What's optimal throughput seems to depend on system details and fft length. See https://www.mersenneforum.org/showpo...18&postcount=4 and fhttps://www.mersenneforum.org/showpost.php?p=504219&postcount=5 or some exhaustive tests.
Another factor is latency. Running the optimal throughput configuration may not be the best choice, if assignments expire before they're finished. Move up to more cores/worker generally for that, as long as it doesn't cross chip packages.

#11

"Kieren"
Jul 2011
In My Own Galaxy!

270616 Posts

Quote:
 Originally Posted by PhilF I remember having to play with the affinity settings in the worker settings in order to get it right.
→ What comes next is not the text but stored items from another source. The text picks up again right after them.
lemma reducible_apexI:
  assumes A: "A \<subseteq> nbhd E v" "A \<noteq> {}" and M: "M \<subseteq> X"
    and P: "triangle_packing E P" "\<forall>T\<in>P. T \<subseteq> (\<lambda>t. {v, t}) ` A \<union> M"
    and X: "X \<subseteq> E" "card X \<le> 2 * card P"
    and hit: "\<And>t w. \<lbrakk>t \<in> A; w \<in> nbhd E v \<inter> nbhd E t; w \<noteq> t\<rbrakk>
      \<Longrightarrow> {v, t} \<in> X \<or> {v, w} \<in> X \<or> {t, w} \<in> X"
  shows "reducible E ((\<lambda>t. {v, t}) ` A \<union> M)"
proof (rule reducibleI[OF _ _ P X])
  show "(\<lambda>t. {v, t}) ` A \<union> M \<subseteq> E" using A(1) M X(1) by (auto simp: mem_nbhd_iff)
  show "(\<lambda>t. {v, t}) ` A \<union> M \<noteq> {}" using A(2) by blast
next
  fix p q w assume pq: "{p, q} \<in> (\<lambda>t. {v, t}) ` A \<union> M" "{p, w} \<in> E" "{q, w} \<in> E" "p \<noteq> q"
    "w \<noteq> p" "w \<noteq> q"
  show "{p, q} \<in> X \<or> {q, w} \<in> X \<or> {p, w} \<in> X"
  proof (cases "{p, q} \<in> M")
    case True
    with M show ?thesis by blast
  next
    case False
    then obtain t where t: "t \<in> A" "{p, q} = {v, t}" using pq(1) by blast
    have "w \<in> nbhd E v \<inter> nbhd E t" using t(2) pq(2,3) by (rule common_nbhd_of_edge)
    moreover have "w \<noteq> t" using t(2) pq(5,6) by (auto simp: doubleton_eq_iff)
    ultimately have "{v, t} \<in> X \<or> {v, w} \<in> X \<or> {t, w} \<in> X" using hit t(1) by blast
    then show ?thesis using t(2) by (auto simp: doubleton_eq_iff insert_commute)
  qed
qed

lemma reducible_link_isolated_vertex:
  assumes "x \<in> nbhd E v" "nbhd E v \<inter> nbhd E x = {}"
  shows "reducible E {{v, x}}"
proof -
  have "reducible E ((\<lambda>t. {v, t}) ` {x} \<union> {})"
    by (rule reducible_apexI[where P = "{}" and X = "{}"])
       (use assms in \<open>auto simp: triangle_packing_def\<close>)
  then show ?thesis by simp
qed

lemma link_edge_triangle:
  assumes "simple_graph V E" "x \<in> nbhd E v" "y \<in> nbhd E v" "{x, y} \<in> E"
  shows "{{v, x}, {x, y}, {v, y}} \<in> triangles E"
proof -
  have "{v, x} \<in> E" "{v, y} \<in> E" using assms(2,3) by (simp_all add: mem_nbhd_iff)
  with assms show ?thesis by (intro triangleI) (auto dest: simple_graph_edge_neq)
qed

lemma reducible_link_leaf:
  assumes "simple_graph V E" "x \<in> nbhd E v" "y \<in> nbhd E v" "{x, y} \<in> E"
    and leaf: "nbhd E v \<inter> nbhd E y \<subseteq> {x}"
  shows "reducible E ((\<lambda>t. {v, t}) ` {x, y} \<union> {{x, y}})"
proof (rule reducible_apexI[where P = "{{{v, x}, {x, y}, {v, y}}}" and X = "{{x, y}, {v, x}}"])
  have "{{v, x}, {x, y}, {v, y}} \<in> triangles E" using assms(1-4) by (rule link_edge_triangle)
  then show "triangle_packing E {{{v, x}, {x, y}, {v, y}}}" by (rule triangle_packing_singleton)
  show "{{x, y}, {v, x}} \<subseteq> E" using assms(2,4) by (simp add: mem_nbhd_iff)
  show "card {{x, y}, {v, x}} \<le> 2 * card {{{v, x}, {x, y}, {v, y}}}" by (simp add: card_insert_if)
next
  fix t w assume "t \<in> {x, y}" "w \<in> nbhd E v \<inter> nbhd E t"
  then show "{v, t} \<in> {{x, y}, {v, x}} \<or> {v, w} \<in> {{x, y}, {v, x}} \<or> {t, w} \<in> {{x, y}, {v, x}}"
    using leaf by blast
qed (use assms(2,3) in auto)

lemma reducible_link_small_part:
  assumes "simple_graph V E" "x \<in> nbhd E v" "y \<in> nbhd E v" "z \<in> nbhd E v" "{x, y} \<in> E"
    and closed: "nbhd E v \<inter> (nbhd E x \<union> nbhd E y) \<subseteq> {x, y, z}"
  shows "reducible E ((\<lambda>t. {v, t}) ` {x, y} \<union> {{x, y}})"
proof (rule reducible_apexI[where P = "{{{v, x}, {x, y}, {v, y}}}" and X = "{{x, y}, {v, z}}"])
  have "{{v, x}, {x, y}, {v, y}} \<in> triangles E" using assms(1-3,5) by (rule link_edge_triangle)
  then show "triangle_packing E {{{v, x}, {x, y}, {v, y}}}" by (rule triangle_packing_singleton)
  show "{{x, y}, {v, z}} \<subseteq> E" using assms(4,5) by (simp add: mem_nbhd_iff)
  show "card {{x, y}, {v, z}} \<le> 2 * card {{{v, x}, {x, y}, {v, y}}}" by (simp add: card_insert_if)
next
  fix t w assume "t \<in> {x, y}" "w \<in> nbhd E v \<inter> nbhd E t" "w \<noteq> t"
  moreover from this have "w \<in> {x, y, z}" using closed by blast
  ultimately show "{v, t} \<in> {{x, y}, {v, z}} \<or> {v, w} \<in> {{x, y}, {v, z}} \<or> {t, w} \<in> {{x, y}, {v, z}}"
    by (auto simp: insert_commute)
qed (use assms(2,3) in auto)

lemma reducible_link_matching:
  assumes "simple_graph V E" and C: "C = {a, b, c, d}" "C \<subseteq> nbhd E v" "distinct [a, b, c, d]"
    and "{a, b} \<in> E" "{c, d} \<in> E"
    and closed: "\<forall>t\<in>C. nbhd E v \<inter> nbhd E t \<subseteq> C"
  shows "reducible E ((\<lambda>t. {v, t}) ` C \<union> {{a, b}, {c, d}})"
proof -
  let ?Tab = "{{v, a}, {a, b}, {v, b}}" and ?Tcd = "{{v, c}, {c, d}, {v, d}}"
  let ?X = "{{a, b}, {c, d}, {v, a}, {v, b}}"
  have Tab: "?Tab \<in> triangles E" and Tcd: "?Tcd \<in> triangles E"
    using assms(1,5,6) C(1,2) by (auto intro!: link_edge_triangle)
  have "v \<notin> nbhd E v" using simple_graph_edge_neq[OF assms(1), of v v] by (auto simp: mem_nbhd_iff)
  with C have "a \<notin> {v, c, d}" "b \<notin> {v, c, d}" by auto
  moreover have "\<forall>e\<in>?Tab. a \<in> e \<or> b \<in> e" "\<forall>e\<in>?Tcd. e \<subseteq> {v, c, d}" by auto
  ultimately have disjoint: "?Tab \<inter> ?Tcd = {}" by blast
  then have "?Tab \<noteq> ?Tcd" by (metis Int_absorb insert_not_empty)
  have "\<forall>S\<in>{?Tab}. \<forall>T\<in>{?Tcd}. S \<inter> T = {}" using disjoint by blast
  then have "triangle_packing E ({?Tab} \<union> {?Tcd})"
    by (rule triangle_packing_Un[OF triangle_packing_singleton[OF Tab] triangle_packing_singleton[OF Tcd]])
  then have packing: "triangle_packing E {?Tab, ?Tcd}" by (simp only: Un_insert_left Un_empty_left)
  show ?thesis
  proof (rule reducible_apexI[OF C(2) _ _ packing])
    show "card ?X \<le> 2 * card {?Tab, ?Tcd}"
      using card_length[of "[{a, b}, {c, d}, {v, a}, {v, b}]"] \<open>?Tab \<noteq> ?Tcd\<close> by simp
    show "?X \<subseteq> E" using assms(5,6) C(1,2) by (auto simp: mem_nbhd_iff)
    show "C \<noteq> {}" "{{a, b}, {c, d}} \<subseteq> ?X" using C(1) by auto
    show "\<forall>T\<in>{?Tab, ?Tcd}. T \<subseteq> (\<lambda>t. {v, t}) ` C \<union> {{a, b}, {c, d}}" using C(1) by blast
  next
    fix t w assume t: "t \<in> C" and w: "w \<in> nbhd E v \<inter> nbhd E t" "w \<noteq> t"
    have X: "{v, a} \<in> ?X" "{v, b} \<in> ?X" by simp_all
    from t w have "w \<in> C" using closed by blast
    then consider "t \<in> {a, b}" | "w \<in> {a, b}" | "t \<in> {c, d}" "w \<in> {c, d}" using t C(1) by blast
    then show "{v, t} \<in> ?X \<or> {v, w} \<in> ?X \<or> {t, w} \<in> ?X"
    proof cases
      case 1
      then have "t = a \<or> t = b" by simp
      then show ?thesis using X by (elim disjE) simp_all
    next
      case 2
      then have "w = a \<or> w = b" by simp
      then show ?thesis using X by (elim disjE) simp_all
    next
      case 3
      then have "{t, w} = {c, d}" using w(2) by auto
      then show ?thesis by simp
    qed
  qed
qed

lemma four_point_perfect_matching:
  fixes R :: "'a \<Rightarrow> 'a \<Rightarrow> bool"
  assumes sym: "\<And>u w. R u w \<Longrightarrow> R w u" and irrefl: "\<And>u. \<not> R u u"
    and deg: "\<And>u. u \<in> {a, b, c, d} \<Longrightarrow> \<exists>w1\<in>{a, b, c, d}. \<exists>w2\<in>{a, b, c, d}. w1 \<noteq> w2 \<and> R u w1 \<and> R u w2"
  shows "(R a b \<and> R c d) \<or> (R a c \<and> R b d) \<or> (R a d \<and> R b c)"
proof -
  have "\<not> R a b \<Longrightarrow> R a c \<and> R a d" using deg[of a] irrefl[of a] by auto
  moreover have "\<not> R b a \<Longrightarrow> R b c \<and> R b d" using deg[of b] irrefl[of b] by auto
  moreover have "\<not> R c d \<Longrightarrow> R c a \<and> R c b" using deg[of c] irrefl[of c] by auto
  moreover have "\<not> R d c \<Longrightarrow> R d a \<and> R d b" using deg[of d] irrefl[of d] by auto
  ultimately show ?thesis using sym by blast
qed

lemma component_subset: "component S F x \<subseteq> S"
  unfolding component_def connected_in_def by blast

lemma mem_component_self: "x \<in> S \<Longrightarrow> x \<in> component S F x"
  unfolding component_def connected_in_def by simp

lemma component_closed:
  assumes "y \<in> component S F x" "w \<in> S" "{y, w} \<in> F"
  shows "w \<in> component S F x"
proof -
  let ?R = "{(u, w). {u, w} \<in> F \<and> u \<in> S \<and> w \<in> S}"
  have "x \<in> S" "y \<in> S" "(x, y) \<in> ?R\<^sup>*"
    using assms(1) unfolding component_def connected_in_def by auto
  moreover have "(y, w) \<in> ?R" using \<open>y \<in> S\<close> assms(2,3) by simp
  ultimately show ?thesis unfolding component_def connected_in_def
    using assms(2) by (simp add: rtrancl_into_rtrancl)
qed

abbreviation link_component :: "'a set set \<Rightarrow> 'a \<Rightarrow> 'a \<Rightarrow> 'a set" where
  "link_component E v x \<equiv> component (nbhd E v) (induced_edges E (nbhd E v)) x"

lemma link_component_closed:
  assumes "u \<in> link_component E v x"
  shows "nbhd E v \<inter> nbhd E u \<subseteq> link_component E v x"
proof
  fix w assume w: "w \<in> nbhd E v \<inter> nbhd E u"
  have "u \<in> nbhd E v" using assms by (rule subsetD[OF component_subset])
  with w have "{u, w} \<in> induced_edges E (nbhd E v)"
    unfolding induced_edges_def by (auto simp: mem_nbhd_iff)
  with w show "w \<in> link_component E v x" by (intro component_closed[OF assms]) auto
qed

lemma finite_link_component: "simple_graph V E \<Longrightarrow> finite (link_component E v x)"
  using component_subset[of "nbhd E v"] unfolding simple_graph_def nbhd_def
  by (metis (no_types, lifting) insert_subset mem_Collect_eq rev_finite_subset subsetI subset_trans)

lemma irreducible_link_two_neighbours:
  assumes "simple_graph V E" and irreducible: "\<And>S. \<not> reducible E S" and "u \<in> nbhd E v"
  obtains w1 w2 where "w1 \<noteq> w2" "w1 \<in> nbhd E v \<inter> nbhd E u" "w2 \<in> nbhd E v \<inter> nbhd E u"
proof -
  obtain w1 where w1: "w1 \<in> nbhd E v \<inter> nbhd E u"
    using reducible_link_isolated_vertex[OF assms(3)] irreducible by blast
  then have "{w1, u} \<in> E" by (simp add: nbhd_def)
  then have "\<not> nbhd E v \<inter> nbhd E u \<subseteq> {w1}"
    using reducible_link_leaf[OF assms(1) _ assms(3)] w1 irreducible by blast
  with w1 that show ?thesis by blast
qed

lemma card_le_3_obtain_triple:
  assumes "finite C" "card C \<le> 3" "x \<in> C" "y \<in> C" "x \<noteq> y"
  obtains z where "z \<in> C" "C \<subseteq> {x, y, z}"
proof (cases "C \<subseteq> {x, y}")
  case True
  with assms(3) that show ?thesis by blast
next
  case False
  then obtain z where z: "z \<in> C" "z \<notin> {x, y}" by blast
  have "{x, y, z} \<subseteq> C" using assms(3,4) z(1) by blast
  moreover have "card {x, y, z} = 3" using assms(5) z(2) by (auto simp: card_insert_if)
  ultimately have "{x, y, z} = C" using assms(1,2) by (simp add: card_seteq)
  with z(1) that show ?thesis by blast
qed

lemma irreducible_link_component_card_gt_3:
  assumes graph: "simple_graph V E" and irreducible: "\<And>S. \<not> reducible E S" and x: "x \<in> nbhd E v"
  shows "3 < card (link_component E v x)"
proof (rule ccontr)
  let ?C = "link_component E v x"
  assume "\<not> 3 < card ?C"
  obtain y where y: "y \<in> nbhd E v" "y \<in> nbhd E x"
    using irreducible_link_two_neighbours[OF graph irreducible x] by blast
  have xC: "x \<in> ?C" using x by (rule mem_component_self)
  have yC: "y \<in> ?C" using link_component_closed[OF xC] y by blast
  have xy: "{x, y} \<in> E" using y(2) by (simp add: nbhd_def insert_commute)
  with graph have "x \<noteq> y" by (rule simple_graph_edge_neq)
  moreover have "card ?C \<le> 3" using \<open>\<not> 3 < card ?C\<close> by simp
  ultimately obtain z where z: "z \<in> ?C" "?C \<subseteq> {x, y, z}"
    using card_le_3_obtain_triple[OF finite_link_component[OF graph] _ xC yC] by blast
  have "nbhd E v \<inter> (nbhd E x \<union> nbhd E y) \<subseteq> {x, y, z}"
    using link_component_closed[OF xC] link_component_closed[OF yC] z(2) by blast
  moreover have "z \<in> nbhd E v" using z(1) by (rule subsetD[OF component_subset])
  ultimately have "reducible E ((\<lambda>t. {v, t}) ` {x, y} \<union> {{x, y}})"
    using reducible_link_small_part[OF graph x y(1) _ xy] by blast
  with irreducible show False by blast
qed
Either I got it wrong or Prime95 did, but at first I was getting miserable performance on a i7-8700. My best settings have always been to run half as many tests concurrently as I have physical cores for. .....
That sounds like a good formula (among others). I do tend to favor more cores per worker, but I am kind of thrashing about trying to get better performance.The affinity advice is truly important, especially with more workers. This 9700K is not running hyper threaded, as far as I know. I am still figuring out the BIOS on this board. P95 reports the right core assignments when it starts up, though it refers cores to 1-8 instead of 0-7.

I do run hyper threading on the 6700K, for the reason you give: it seems to let other processes operate more smoothly. The latest model of P95 doesn't allow HT for LL tests. That is greyed out. I should track it down, though, and enable it for the system.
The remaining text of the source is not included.